Blue Velvet is a type of surrealism, it may have some — it may have debts. There is a debt to Hitchcock somewhere, but it is an entirely new and original kind of surrealism. It no more comes out of a previous tradition, or the postmodern thing. It is completely David Lynch. And I don’t know how well you or your viewers would remember the film, but there are some very odd — there is a moment where a guy named the Yellow Man in shot in an apartment and then Jeffrey, the main character, runs through the apartment, and the guy is dead but he is still standing there. There is no explanation. He is just standing there.

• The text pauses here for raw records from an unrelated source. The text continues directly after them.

lemma best_path_root: "best_path r0 = []"
proof -
  have "[] \<in> paths_to r0"
    by (simp add: paths_to_def)
  then show ?thesis
    using length_best_path by fastforce
qed

lemma best_path_minimal: "q \<in> paths_to x \<Longrightarrow> P (best_path x) \<le> P q"
proof (cases "q = []")
  case True
  assume "q \<in> paths_to x"
  then show ?thesis
    using True length_best_path by fastforce
next
  case False
  assume q: "q \<in> paths_to x"
  then have "best_path x \<noteq> []"
    using False length_best_path by fastforce
  then show ?thesis
    using False key_best_path_le[OF q] by (rule prefix_key_le_imp_le)
qed

end

locale layered_code =
  fixes Sig :: "'a set" and n :: nat and V :: "'v set" and lay :: "'v \<Rightarrow> nat" and r0 :: 'v
    and delta :: "'v \<Rightarrow> 'a \<Rightarrow> 'v" and C :: "'v \<Rightarrow> 'a \<Rightarrow> 'b" and w :: "'b list" and c :: real
  assumes layered_graph: "layered_graph Sig n V lay r0 delta"
    and length_w: "length w = n"

sublocale layered_code \<subseteq> layered_potential Sig n V lay r0 delta "path_excess c r0 delta C w"
  using layered_graph length_w by unfold_locales (auto intro: path_excess_snoc_mono)

lemma (in layered_code) sfx_dist_best_path_less:
  assumes p: "p \<in> paths_to x" "p \<noteq> []"
    and sfx: "sfx_dist (encode r0 delta C p) (take (length p) w) < c"
  shows "sfx_dist (encode r0 delta C (best_path x)) (take (length (best_path x)) w) < c"
proof -
  have "length p \<le> length w"
    using p(1) length_w by (simp add: paths_to_def)
  then have "path_excess c r0 delta C w p < 0"
    using sfx p(2) by (simp add: sfx_dist_encode_less_iff)
  then have "path_excess c r0 delta C w (best_path x) < 0"
    using best_path_minimal[OF p(1)] by linarith
  moreover have "best_path x \<noteq> []" "length (best_path x) \<le> length w"
    using length_best_path[OF p(1)] p(2) \<open>length p \<le> length w\<close> by auto
  ultimately show ?thesis
    by (simp add: sfx_dist_encode_less_iff)
qed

It is almost classically Francophilistically surreal, and yet it seemed absolutely true, and absolutely appropriate.
And there was this way in which I all of the sudden realized that the point of being postmodern or being avant-garde, or whatever, wasn’t to follow in a certain kind of tradition, that all that stuff is B.S. imposed by critics and camp followers afterwards…What the really great artists do is they are entirely themselves. They are entirely themselves. They’ve got their own vision, their own way of fracturing reality, and if it’s authentic, and true, you will feel it in your nerve endings. And this is what Blue Velvet did for me.
I’m not suggesting it would do that for any other viewer, but I — Lynch very much helped me snap out of a kind of adolescent delusion that I was in about what sort of avant-garde art could be. And it’s very odd because film and books are very different media, but I remember going with two poets and one student fiction writer to go see this and all of us going to the coffee shop afterwards and just slapping ourselves on the forehead. It was this truly epiphanic experience.